The student council at POTW High School is throwing a school dance. They want to give a welcome gift to each Grade \(9\) student that attends the dance.
Gifts-R-Us charges \(\$1.00\) per gift. However, if they were to purchase the gifts at Gifts-R-Us, they would exceed their budget by \(\$17\).
At Presents-4-U, they only charge \(\$0.80\) per gift. At this price, the student council would have \(\$5.00\) left over in their budget.
Determine the number of gifts the student council is planning to buy.
Solution 1
Let \(n\) represent the number of gifts that the student council is planning to buy.
Since each gift at Gifts-R-Us costs \(\$1.00\), the student council would spend \(1\times n=n\) dollars in total. If the student council were to purchase all of the gifts they want at Gifts-R-Us, they would be short \$17 dollars in their budget. Therefore, the amount they have in their budget is \((n-17)\) dollars.
Since each gift at Presents-4-U costs \(\$0.80\), the student council would spend \(0.8\times n=0.8n\) dollars in total. If the student council were to purchase all of the gifts they want at Presents-4-U, they would have \(\$5\) dollars left over in their budget. Therefore, the amount they have in their budget is \((0.8n+5)\) dollars.

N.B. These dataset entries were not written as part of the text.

(* The variety $\mathsf{V}(S_{(4,398)})$ is the ai-semiring variety defined by the identities $xy\approx yx$, $xy\approx xy+x$, $x^2+yz\approx x^2yz$, $xyz\approx xy+yz+xz$.
   Context: An ai-semiring is an algebra $(S,+,\cdot)$ with $(S,+)$ a semilattice, $(S,\cdot)$ a semigroup, and both distributive laws. $\mathsf{V}(S)$ is the variety generated by $S$; "the ai-semiring variety defined by identities $\Sigma$" is the class of all ai-semirings satisfying $\Sigma$. $S_{(4,398)}$ has carrier $\{1,2,3,4\}$; addition: $x+x=x$, $2+x=x$, $1+x=1$ for all $x$, $3+4=1$; multiplication (row $a$, column $b$ gives $a\cdot b$): row $1$: $1,1,1,1$; row $2$: $1,2,1,4$; row $3$: $1,1,1,1$; row $4$: $1,4,1,1$. *)

theory Defs
  imports Main
begin

datatype trm = Var nat | Plus trm trm | Times trm trm

fun eval :: "('a \<Rightarrow> 'a \<Rightarrow> 'a) \<Rightarrow> ('a \<Rightarrow> 'a \<Rightarrow> 'a) \<Rightarrow> (nat \<Rightarrow> 'a) \<Rightarrow> trm \<Rightarrow> 'a" where
  "eval ad mu \<rho> (Var i) = \<rho> i"
| "eval ad mu \<rho> (Plus s t) = ad (eval ad mu \<rho> s) (eval ad mu \<rho> t)"
| "eval ad mu \<rho> (Times s t) = mu (eval ad mu \<rho> s) (eval ad mu \<rho> t)"

definition holds_in :: "'a set \<Rightarrow> ('a \<Rightarrow> 'a \<Rightarrow> 'a) \<Rightarrow> ('a \<Rightarrow> 'a \<Rightarrow> 'a) \<Rightarrow> trm \<Rightarrow> trm \<Rightarrow> bool" where
  "holds_in A ad mu u v \<longleftrightarrow> (\<forall>\<rho>. (\<forall>i. \<rho> i \<in> A) \<longrightarrow> eval ad mu \<rho> u = eval ad mu \<rho> v)"

definition ai_semiring :: "('a \<Rightarrow> 'a \<Rightarrow> 'a) \<Rightarrow> ('a \<Rightarrow> 'a \<Rightarrow> 'a) \<Rightarrow> bool" where
  "ai_semiring ad mu \<longleftrightarrow>
     (\<forall>x y z. ad (ad x y) z = ad x (ad y z)) \<and>
     (\<forall>x y. ad x y = ad y x) \<and>
     (\<forall>x. ad x x = x) \<and>
     (\<forall>x y z. mu (mu x y) z = mu x (mu y z)) \<and>
     (\<forall>x y z. mu x (ad y z) = ad (mu x y) (mu x z)) \<and>
     (\<forall>x y z. mu (ad x y) z = ad (mu x z) (mu y z))"

definition S4_carrier :: "nat set" where "S4_carrier = {1,2,3,4}"

definition S4_add :: "nat \<Rightarrow> nat \<Rightarrow> nat" where
  "S4_add a b = (if a = b then a else if a = 2 then b else if b = 2 then a else 1)"

definition S4_mul :: "nat \<Rightarrow> nat \<Rightarrow> nat" where
  "S4_mul a b = (if a = 2 \<and> b = 2 then 2
                 else if (a = 2 \<and> b = 4) \<or> (a = 4 \<and> b = 2) then 4 else 1)"

text \<open>Membership in the variety V(S_(4,398)) generated by S_(4,398):
  by Birkhoff's HSP theorem, V(S) is the class of algebras satisfying every
  identity that holds in S.\<close>
definition in_V_S4 :: "('a \<Rightarrow> 'a \<Rightarrow> 'a) \<Rightarrow> ('a \<Rightarrow> 'a \<Rightarrow> 'a) \<Rightarrow> bool" where
  "in_V_S4 ad mu \<longleftrightarrow>
     (\<forall>u v. holds_in S4_carrier S4_add S4_mul u v \<longrightarrow> holds_in UNIV ad mu u v)"

end

theory Submission
  imports Defs
begin

(* Modulo the identities every term is a sum of monomials of degree at most 2:
   xyz = xy + yz + xz splits longer products, and commutativity makes a degree-2
   monomial an unordered pair.  The sum over a set A of monomials does not change when
   A is closed under the absorptions xy = xy + x and x^2 + yz = x^2 + yz + xy, and this
   closure is determined by four data: the variables occurring in A, those occurring
   in degree-2 monomials, the squared ones, and the products of two unsquared
   variables that occur.  Each datum is detected in S_(4,398) by sending the variables
   of a set X to c (c = 1, 3, 4) and all others to 2: every monomial then takes a value
   in {1, 2, c}, and the term takes the value 1 iff one of its monomials does.  So both
   sides of an identity of S_(4,398) have the same closure, hence the identity holds in
   every model of the four identities. *)

datatype mon = Deg1 nat | Deg2 nat nat

fun mon_vars :: "mon \<Rightarrow> nat set" where
  "mon_vars (Deg1 a) = {a}"
| "mon_vars (Deg2 a b) = {a, b}"

fun eval_mon :: "('a \<Rightarrow> 'a \<Rightarrow> 'a) \<Rightarrow> (nat \<Rightarrow> 'a) \<Rightarrow> mon \<Rightarrow> 'a" where
  "eval_mon mu \<rho> (Deg1 a) = \<rho> a"
| "eval_mon mu \<rho> (Deg2 a b) = mu (\<rho> a) (\<rho> b)"

text \<open>Modulo \<open>xyz \<approx> xy + yz + xz\<close> a product of monomials is the sum of all
  degree-2 subwords of the concatenated word.\<close>
fun mon_mult :: "mon \<Rightarrow> mon \<Rightarrow> mon set" where
  "mon_mult (Deg1 a) (Deg1 b) = {Deg2 a b}"
| "mon_mult (Deg1 a) (Deg2 b c) = {Deg2 a b, Deg2 b c, Deg2 a c}"
| "mon_mult (Deg2 a b) (Deg1 c) = {Deg2 a b, Deg2 b c, Deg2 a c}"
| "mon_mult (Deg2 a b) (Deg2 c d) =
     {Deg2 a b, Deg2 a c, Deg2 a d, Deg2 b c, Deg2 b d, Deg2 c d}"

fun monomials :: "trm \<Rightarrow> mon set" where
  "monomials (Var i) = {Deg1 i}"
| "monomials (Plus s t) = monomials s \<union> monomials t"
| "monomials (Times s t) = (\<Union>m\<in>monomials s. \<Union>n\<in>monomials t. mon_mult m n)"

lemma finite_mon_vars: "finite (mon_vars m)"
  by (cases m) auto

lemma finite_mon_mult: "finite (mon_mult m n)"
  and mon_mult_nonempty: "mon_mult m n \<noteq> {}"
  by (cases m; cases n; simp)+

lemma finite_monomials: "finite (monomials t)"
  and monomials_nonempty: "monomials t \<noteq> {}"
  by (induction t) (auto simp: finite_mon_mult mon_mult_nonempty)

definition vars_of :: "mon set \<Rightarrow> nat set" where
  "vars_of A = (\<Union>m\<in>A. mon_vars m)"

definition deg2_vars :: "mon set \<Rightarrow> nat set" where
  "deg2_vars A = {x. \<exists>y. Deg2 x y \<in> A \<or> Deg2 y x \<in> A}"

definition square_vars :: "mon set \<Rightarrow> nat set" where
  "square_vars A = {x. Deg2 x x \<in> A}"

definition mon_closure :: "mon set \<Rightarrow> mon set" where
  "mon_closure A = Deg1 ` vars_of A \<union>
     {Deg2 a b | a b. Deg2 a b \<in> A \<or> Deg2 b a \<in> A \<or>
        (a \<in> square_vars A \<and> b \<in> deg2_vars A) \<or> (b \<in> square_vars A \<and> a \<in> deg2_vars A)}"

lemma Deg1_mem_mon_closure_iff: "Deg1 x \<in> mon_closure A \<longleftrightarrow> x \<in> vars_of A"
  by (auto simp: mon_closure_def)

We have two expressions for the amount in their budget, so we can establish the equality \(n-17=0.8n+5\). This simplifies to \(0.2n=22\). After dividing each side by \(0.2\), we obtain \(n=110\).
Therefore, the student council is planning to buy \(110\) gifts.
Solution 2
Let \(n\) represent the number of gifts that the student council is planning to buy.

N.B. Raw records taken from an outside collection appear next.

(* Let $X$ be a random variable taking values in a set $\mathcal{X}$ and $Y \in [0,1]$ a target outcome. Let $\mathcal{F}$ be a class of functions $\mathcal{X} \to [0,1]$, $\alpha \ge 0$, and let $S_1, \dots, S_K$ be an $\alpha$-multicalibrated partition with respect to $\mathcal{F}$ and $Y$. Then for all $f \in \mathcal{F}$ and $k \in [K]$, $$\mathbb{E}_k\left[(Y - \mathbb{E}_k[Y])^2\right] \le \mathbb{E}_k\left[(Y - f(X))^2\right] + 2\alpha.$$
   Context: $\mathbb{E}_k$ denotes expectation conditional on $\{X \in S_k\}$ (assumed to have positive probability). A set $S \subseteq \mathcal{X}$ is $\alpha$-indistinguishable with respect to $\mathcal{F}$ and $Y$ if $|\mathrm{Cov}(f(X), Y \mid X \in S)| \le \alpha$ for all $f \in \mathcal{F}$. Sets $S_1, \dots, S_K$ form an $\alpha$-multicalibrated partition with respect to $\mathcal{F}$ and $Y$ if they partition $\mathcal{X}$ and each $S_k$ is $\alpha$-indistinguishable with respect to $\mathcal{F}$ and $Y$. *)

theory Defs
  imports "HOL-Probability.Probability"
begin

text \<open>Conditional expectation of g given the event A (assumed of positive probability):
  E[g | A] = E[1_A g] / P(A).\<close>
definition cond_exp_ev :: "'a measure \<Rightarrow> 'a set \<Rightarrow> ('a \<Rightarrow> real) \<Rightarrow> real" where
  "cond_exp_ev M A g = (\<integral>\<omega>. indicator A \<omega> * g \<omega> \<partial>M) / measure M A"

definition cond_cov :: "'a measure \<Rightarrow> 'a set \<Rightarrow> ('a \<Rightarrow> real) \<Rightarrow> ('a \<Rightarrow> real) \<Rightarrow> real" where
  "cond_cov M A g h = cond_exp_ev M A (\<lambda>\<omega>. g \<omega> * h \<omega>) - cond_exp_ev M A g * cond_exp_ev M A h"

definition indistinguishable ::
  "'a measure \<Rightarrow> ('a \<Rightarrow> 'b) \<Rightarrow> ('a \<Rightarrow> real) \<Rightarrow> ('b \<Rightarrow> real) set \<Rightarrow> real \<Rightarrow> 'b set \<Rightarrow> bool" where
  "indistinguishable M X Y F \<alpha> S \<longleftrightarrow>
     (\<forall>f\<in>F. \<bar>cond_cov M (X -` S \<inter> space M) (\<lambda>\<omega>. f (X \<omega>)) Y\<bar> \<le> \<alpha>)"

definition multicalibrated_partition ::
  "'a measure \<Rightarrow> ('a \<Rightarrow> 'b) \<Rightarrow> ('a \<Rightarrow> real) \<Rightarrow> ('b \<Rightarrow> real) set \<Rightarrow> real \<Rightarrow> 'b set
     \<Rightarrow> nat \<Rightarrow> (nat \<Rightarrow> 'b set) \<Rightarrow> bool" where
  "multicalibrated_partition M X Y F \<alpha> \<X> K S \<longleftrightarrow>
     (\<forall>k\<in>{1..K}. S k \<subseteq> \<X>) \<and> (\<Union>k\<in>{1..K}. S k) = \<X> \<and>
     (\<forall>j\<in>{1..K}. \<forall>k\<in>{1..K}. j \<noteq> k \<longrightarrow> S j \<inter> S k = {}) \<and>
     (\<forall>k\<in>{1..K}. indistinguishable M X Y F \<alpha> (S k))"

end

theory Submission
  imports Defs
begin

(* Conditioning on the event X \<in> S_k is integration against the uniform measure on that
   event, which is a probability measure. For any predictor g, expanding the squares gives
     E[(Y - g)^2] = Var Y + Var g + (E Y - E g)^2 - 2 Cov(g, Y),
   so Var Y \<le> E[(Y - g)^2] + 2 Cov(g, Y), and indistinguishability of S_k bounds the
   covariance term by \<alpha> when g = f \<circ> X. *)

lemma integrable_mult_if_square_integrable:
  fixes f g :: "'a \<Rightarrow> real"
  assumes [measurable]: "f \<in> borel_measurable M" "g \<in> borel_measurable M"
    and "integrable M (\<lambda>x. (f x)\<^sup>2)" "integrable M (\<lambda>x. (g x)\<^sup>2)"
  shows "integrable M (\<lambda>x. f x * g x)"
proof (rule Bochner_Integration.integrable_bound)
  show "integrable M (\<lambda>x. (f x)\<^sup>2 + (g x)\<^sup>2)"
    using assms(3,4) by (rule Bochner_Integration.integrable_add)
  have "\<bar>f x * g x\<bar> \<le> (f x)\<^sup>2 + (g x)\<^sup>2" for x
  proof -
    have "2 * \<bar>f x * g x\<bar> \<le> (f x)\<^sup>2 + (g x)\<^sup>2"
      using sum_squares_bound[of "\<bar>f x\<bar>" "\<bar>g x\<bar>"] by (simp add: abs_mult mult.assoc)
    then show ?thesis
      using abs_ge_zero[of "f x * g x"] by linarith
  qed
  then show "AE x in M. norm (f x * g x) \<le> norm ((f x)\<^sup>2 + (g x)\<^sup>2)"
    by simp
qed measurable

lemma (in prob_space) variance_le_mean_square_error_add_covariance:
  fixes Y g :: "'a \<Rightarrow> real"
  assumes [measurable]: "Y \<in> borel_measurable M" "g \<in> borel_measurable M"
    and Y2: "integrable M (\<lambda>x. (Y x)\<^sup>2)" and g2: "integrable M (\<lambda>x. (g x)\<^sup>2)"
  shows "variance Y \<le> expectation (\<lambda>x. (Y x - g x)\<^sup>2)
           + 2 * (expectation (\<lambda>x. g x * Y x) - expectation g * expectation Y)"
proof -
  have [simp]: "integrable M Y" "integrable M g" "integrable M (\<lambda>x. g x * Y x)"
    using Y2 g2 by (auto intro: square_integrable_imp_integrable integrable_mult_if_square_integrable)
  have mse: "expectation (\<lambda>x. (Y x - g x)\<^sup>2)
      = expectation (\<lambda>x. (Y x)\<^sup>2) - 2 * expectation (\<lambda>x. g x * Y x) + expectation (\<lambda>x. (g x)\<^sup>2)"
  proof -
    have "(\<lambda>x. (Y x - g x)\<^sup>2) = (\<lambda>x. (Y x)\<^sup>2 - 2 * (g x * Y x) + (g x)\<^sup>2)"
      by (simp add: fun_eq_iff power2_diff)
    then show ?thesis
      using Y2 g2 by simp
  qed
  have "(expectation g)\<^sup>2 \<le> expectation (\<lambda>x. (g x)\<^sup>2)"
    using variance_positive[of g] variance_eq[of g] g2 by simp
  moreover have "0 \<le> (expectation g - expectation Y)\<^sup>2"
    by simp
  ultimately show ?thesis
    using variance_eq[of Y] Y2 mse by (simp add: power2_diff)
qed

lemma uniform_measure_eq_density_real:
  assumes "emeasure M A \<noteq> \<infinity>" "measure M A > 0"
  shows "uniform_measure M A = density M (\<lambda>x. ennreal (indicator A x / measure M A))"
proof -
  have "indicator A x / emeasure M A = ennreal (indicator A x / measure M A)" for x :: 'a
    using assms by (simp add: emeasure_eq_ennreal_measure divide_ennreal flip: ennreal_indicator)
  then show ?thesis
    unfolding uniform_measure_def by simp
qed

lemma integrable_uniform_measure:
  fixes f :: "'a \<Rightarrow> real"
  assumes "A \<in> sets M" "emeasure M A \<noteq> \<infinity>" "measure M A > 0" "integrable M f"
  shows "integrable (uniform_measure M A) f"
  unfolding uniform_measure_eq_density_real[OF assms(2,3)]
  using assms integrable_mult_indicator[OF assms(1,4)]
  by (subst integrable_density) auto

lemma cond_exp_ev_eq_integral_uniform_measure:
  fixes f :: "'a \<Rightarrow> real"
  assumes "A \<in> sets M" "emeasure M A \<noteq> \<infinity>" "measure M A > 0" "f \<in> borel_measurable M"
  shows "cond_exp_ev M A f = (\<integral>x. f x \<partial>uniform_measure M A)"
  unfolding uniform_measure_eq_density_real[OF assms(2,3)] cond_exp_ev_def
  using assms by (subst integral_density) auto

lemma cond_variance_le_cond_mean_square_error_add_cond_cov:
  fixes Y g :: "'a \<Rightarrow> real"
  assumes "finite_measure M" "A \<in> sets M" "measure M A > 0"
    and [measurable]: "Y \<in> borel_measurable M" "g \<in> borel_measurable M"
    and "integrable M (\<lambda>\<omega>. (Y \<omega>)\<^sup>2)" "integrable M (\<lambda>\<omega>. (g \<omega>)\<^sup>2)"
  shows "cond_exp_ev M A (\<lambda>\<omega>. (Y \<omega> - cond_exp_ev M A Y)\<^sup>2)
           \<le> cond_exp_ev M A (\<lambda>\<omega>. (Y \<omega> - g \<omega>)\<^sup>2) + 2 * cond_cov M A g Y"
proof -
  have finite: "emeasure M A \<noteq> \<infinity>"
    using assms(1) by (simp add: finite_measure.emeasure_finite)
  then interpret U: prob_space "uniform_measure M A"
    using assms(3) by (intro prob_space_uniform_measure) (auto simp: emeasure_eq_ennreal_measure)
  have E: "cond_exp_ev M A h = U.expectation h" if "h \<in> borel_measurable M" for h
    using cond_exp_ev_eq_integral_uniform_measure[OF assms(2) finite assms(3) that] .
  have "U.variance Y \<le> U.expectation (\<lambda>x. (Y x - g x)\<^sup>2)
           + 2 * (U.expectation (\<lambda>x. g x * Y x) - U.expectation g * U.expectation Y)"
    using assms by (intro U.variance_le_mean_square_error_add_covariance)
      (auto intro: integrable_uniform_measure[OF assms(2) finite assms(3)])
  then show ?thesis
    unfolding cond_cov_def by (simp add: E)
qed

theorem lemma1:
  fixes M :: "'a measure" and N :: "'b measure"
    and X :: "'a \<Rightarrow> 'b" and Y :: "'a \<Rightarrow> real"
    and F :: "('b \<Rightarrow> real) set" and \<alpha> :: real
    and K :: nat and S :: "nat \<Rightarrow> 'b set"
  assumes "prob_space M"
    and "X \<in> measurable M N"
    and "Y \<in> borel_measurable M"
    and "\<And>\<omega>. \<omega> \<in> space M \<Longrightarrow> 0 \<le> Y \<omega> \<and> Y \<omega> \<le> 1"
    and "\<And>f. f \<in> F \<Longrightarrow> f \<in> borel_measurable N"
    and "\<And>f x. f \<in> F \<Longrightarrow> x \<in> space N \<Longrightarrow> 0 \<le> f x \<and> f x \<le> 1"
    and "\<alpha> \<ge> 0"
    and "\<And>k. k \<in> {1..K} \<Longrightarrow> S k \<in> sets N"
    and "\<And>k. k \<in> {1..K} \<Longrightarrow> measure M (X -` S k \<inter> space M) > 0"
    and "multicalibrated_partition M X Y F \<alpha> (space N) K S"
  shows "\<forall>f\<in>F. \<forall>k\<in>{1..K}.
    cond_exp_ev M (X -` S k \<inter> space M)
       (\<lambda>\<omega>. (Y \<omega> - cond_exp_ev M (X -` S k \<inter> space M) Y)\<^sup>2)
    \<le> cond_exp_ev M (X -` S k \<inter> space M) (\<lambda>\<omega>. (Y \<omega> - f (X \<omega>))\<^sup>2) + 2 * \<alpha>"
proof (intro ballI)
  fix f k assume f: "f \<in> F" and k: "k \<in> {1..K}"
  interpret prob_space M by fact
  define A where "A = X -` S k \<inter> space M"
  have A: "A \<in> sets M"
    unfolding A_def using assms(2) assms(8)[OF k] by (rule measurable_sets)
  have fX[measurable]: "(\<lambda>\<omega>. f (X \<omega>)) \<in> borel_measurable M"
    using measurable_comp[OF assms(2) assms(5)[OF f]] by (simp add: comp_def)
  have Y2: "integrable M (\<lambda>\<omega>. (Y \<omega>)\<^sup>2)"
    using assms(3,4) by (intro integrable_const_bound[where B=1]) (auto simp: power_le_one)
  have fX2: "integrable M (\<lambda>\<omega>. (f (X \<omega>))\<^sup>2)"
    using assms(6)[OF f] measurable_space[OF assms(2)]
    by (intro integrable_const_bound[where B=1]) (auto simp: power_le_one)
  have "\<bar>cond_cov M A (\<lambda>\<omega>. f (X \<omega>)) Y\<bar> \<le> \<alpha>"
    using assms(10) f k unfolding multicalibrated_partition_def indistinguishable_def A_def by blast
  then show "cond_exp_ev M A (\<lambda>\<omega>. (Y \<omega> - cond_exp_ev M A Y)\<^sup>2)
      \<le> cond_exp_ev M A (\<lambda>\<omega>. (Y \<omega> - f (X \<omega>))\<^sup>2) + 2 * \<alpha>"
    using cond_variance_le_cond_mean_square_error_add_cond_cov[OF finite_measure_axioms A
        assms(9)[OF k, folded A_def] assms(3) fX Y2 fX2]
    by linarith
qed

end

Let \(x\) represent the amount that the student council has budgeted.
Since the difference between the costs of a single gift is \(\$1.00-\$0.80=\$0.20\), the total cost difference of buying \(n\) gifts would be \(\$0.2n\).

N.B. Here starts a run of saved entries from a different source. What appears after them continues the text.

(* Let $c \geq 1$ and let $\Gamma \subset \mathbb{P}^c$ be a finite set of $d \geq 2c+1$ points in linear semi-uniform position. Then there exists a subset $\Gamma' \subset \Gamma$ of $2c+1$ points which spans $\mathbb{P}^c$ and is $3$-regular.
   Context: The ground field is algebraically closed of arbitrary characteristic. A finite set $\Gamma \subset \mathbb{P}^c$ is in linear semi-uniform position if it spans $\mathbb{P}^c$ and there are integers $\nu(i,\Gamma)$, $0 \leq i \leq c$, such that every $i$-dimensional linear subspace of $\mathbb{P}^c$ spanned by $i+1$ linearly independent points of $\Gamma$ contains exactly $\nu(i,\Gamma)$ points of $\Gamma$. A finite set $\Gamma'$ is $3$-regular if it is $3$-regular in the sense of Castelnuovo–Mumford, i.e. $H^1(\mathbb{P}^c, \mathcal{I}_{\Gamma'}(2)) = 0$; equivalently, $\Gamma'$ imposes independent conditions on quadrics, i.e. for each $p \in \Gamma'$ there is a quadric hypersurface containing $\Gamma' \setminus \{p\}$ but not $p$. *)

theory Defs
  imports "HOL-Computational_Algebra.Polynomial"
begin

text \<open>Homogeneous coordinates are vectors
 v :: nat \<Rightarrow> 'k supported on {0..c} (i.e. k^(c+1)).
 A point of P^c is a 1-dimensional linear subspace (a line through the origin).\<close>

definition vecs :: "nat \<Rightarrow> (nat \<Rightarrow> 'k::field) set" where
  "vecs c = {v. \<forall>i>c. v i = 0}"

definition proj_pt :: "(nat \<Rightarrow> 'k::field) \<Rightarrow> (nat \<Rightarrow> 'k) set" where
  "proj_pt v = {(\<lambda>i. a * v i) | a. True}"

definition proj_space :: "nat \<Rightarrow> (nat \<Rightarrow> 'k::field) set set" where
  "proj_space c = {proj_pt v | v. v \<in> vecs c \<and> v \<noteq> (\<lambda>_. 0)}"

definition lspan :: "(nat \<Rightarrow> 'k::field) set set \<Rightarrow> (nat \<Rightarrow> 'k) set" where
  "lspan S = {(\<lambda>i. \<Sum>p\<in>S. f p i) | f. \<forall>p\<in>S. f p \<in> p}"

definition lin_indep_pts :: "(nat \<Rightarrow> 'k::field) set set \<Rightarrow> bool" where
  "lin_indep_pts S \<longleftrightarrow> finite S \<and>
     (\<forall>f. (\<forall>p\<in>S. f p \<in> p) \<and> (\<lambda>i. \<Sum>p\<in>S. f p i) = (\<lambda>_. 0) \<longrightarrow> (\<forall>p\<in>S. f p = (\<lambda>_. 0)))"

definition spans_proj :: "nat \<Rightarrow> (nat \<Rightarrow> 'k::field) set set \<Rightarrow> bool" where
  "spans_proj c S \<longleftrightarrow> lspan S = vecs c"

definition linear_semi_uniform :: "nat \<Rightarrow> (nat \<Rightarrow> 'k::field) set set \<Rightarrow> bool" where
  "linear_semi_uniform c \<Gamma> \<longleftrightarrow> spans_proj c \<Gamma> \<and>
     (\<exists>\<nu>::nat \<Rightarrow> nat. \<forall>i\<le>c. \<forall>T\<subseteq>\<Gamma>. card T = i + 1 \<and> lin_indep_pts T \<longrightarrow>
        card {p\<in>\<Gamma>. p \<subseteq> lspan T} = \<nu> i)"

definition quad_form :: "nat \<Rightarrow> (nat \<Rightarrow> nat \<Rightarrow> 'k::field) \<Rightarrow> (nat \<Rightarrow> 'k) \<Rightarrow> 'k" where
  "quad_form c a v = (\<Sum>j\<le>c. \<Sum>k\<le>c. a j k * v j * v k)"

definition quadric_contains :: "nat \<Rightarrow> (nat \<Rightarrow> nat \<Rightarrow> 'k::field) \<Rightarrow> (nat \<Rightarrow> 'k) set \<Rightarrow> bool" where
  "quadric_contains c a p \<longleftrightarrow> (\<forall>v\<in>p. quad_form c a v = 0)"

text \<open>3-regularity (Castelnuovo-Mumford), i.e. H^1(I(2)) = 0, in the equivalent form:
 imposing independent conditions on quadrics.\<close>
definition three_regular :: "nat \<Rightarrow> (nat \<Rightarrow> 'k::field) set set \<Rightarrow> bool" where
  "three_regular c \<Gamma>' \<longleftrightarrow> (\<forall>p\<in>\<Gamma>'. \<exists>a. (\<forall>q\<in>\<Gamma>' - {p}. quadric_contains c a q) \<and> \<not> quadric_contains c a p)"

end

theory Submission
  imports Defs "HOL-Library.Function_Algebras"
begin

text \<open>Represent the points by vectors, choose a basis e_0, ..., e_c among them and let
  W_k be the span of e_0, ..., e_(k-1). Let d_k be the number of points in W_(k+1) - W_k, so
  that \<nu>(k) = d_0 + ... + d_k. Semi-uniformity, applied to the basis with e_k replaced by
  e_(k+1), gives d_k \<le> d_(k+1); also d_0 = 1. If m is the first index with d_m \<ge> 2, then
  \<nu>(j) = j + 1 for j < m, so any m + 1 of the points are linearly independent. In each layer
  pick min(d_k, m + 1) points, among them e_k; since d_k \<ge> 2 from m on, and some d_k exceeds
  m + 1 unless all layers are taken whole, this gives at least 2c + 1 points. They impose
  independent conditions on quadrics, layer by layer: a point of layer k is cut out by h_k * l,
  where the linear form h_k vanishes on W_k but nowhere else on W_(k+1), and l vanishes on the
  other chosen points of the (independent) layer; a quadric cutting out a point of a lower layer
  is corrected on layer k by adding a multiple h_k * l'. Finally keep the basis and c further
  chosen points. The argument works over any field.\<close>

definition scale_fun :: "'k::field \<Rightarrow> (nat \<Rightarrow> 'k) \<Rightarrow> nat \<Rightarrow> 'k" where
  "scale_fun a v = (\<lambda>i. a * v i)"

To purchase from Gifts-R-Us, the student council would need to spend \(\$17\) more than they budgeted. Therefore, they would need \((x+17)\) dollars. To purchase from Presents-4-U, the student council would need to spend \(\$5\) less than they budgeted. Therefore, they would need \((x-5)\) dollars. The total cost difference of purchasing \(n\) gifts would be \((x+17)-(x-5)=22\) dollars.
We have two expressions for the cost difference and can establish the equality \(0.2n=22\). After dividing each side by \(0.2\), we obtain \(n=110\).
Therefore, the student council is planning to buy \(110\) gifts.
Note that in Solution \(1\) and Solution \(2\), we were able to solve for the number of gifts without calculating the budget. In Solution 3, we will first calculate the budget and then use that to calculate the number of gifts.
Solution 3
Let \(n\) represent the number of gifts that the student council is planning to buy.
Let \(x\) represent the amount that the student council has budgeted.
Since each gift at Gifts-R-Us costs \(\$1.00\), \(n\) gifts would cost \(n\times \$1 = \$n\). Also, the student council would need to spend \(\$17\) more than they budgeted. Therefore, we have \[n = x+17\tag{1}\]
Since each gift at Presents-4-U costs \(\$0.80\), \(n\) gifts would cost \(n\times \$0.8 = \$0.8n\). Also, the student council would need to spend \(\$5\) less than they budgeted. Therefore, we have \[0.8n =x-5\tag{2}\]
Substituting equation \((1)\) into equation \((2)\), we have \[\begin{aligned} 0.8n &=x-5\\ 0.8(x+17) &=x-5\\ 0.8x+13.6 &=x-5\\ 18.6 &=0.2x\\ x&= 93 \end{aligned}\]
Thus, the student council has budgeted \(\$93\).
Then, using equation \((1)\), we see that \(n= x + 17 = 93 + 17 = 110\).
Therefore, the student council is planning to buy \(110\) gifts.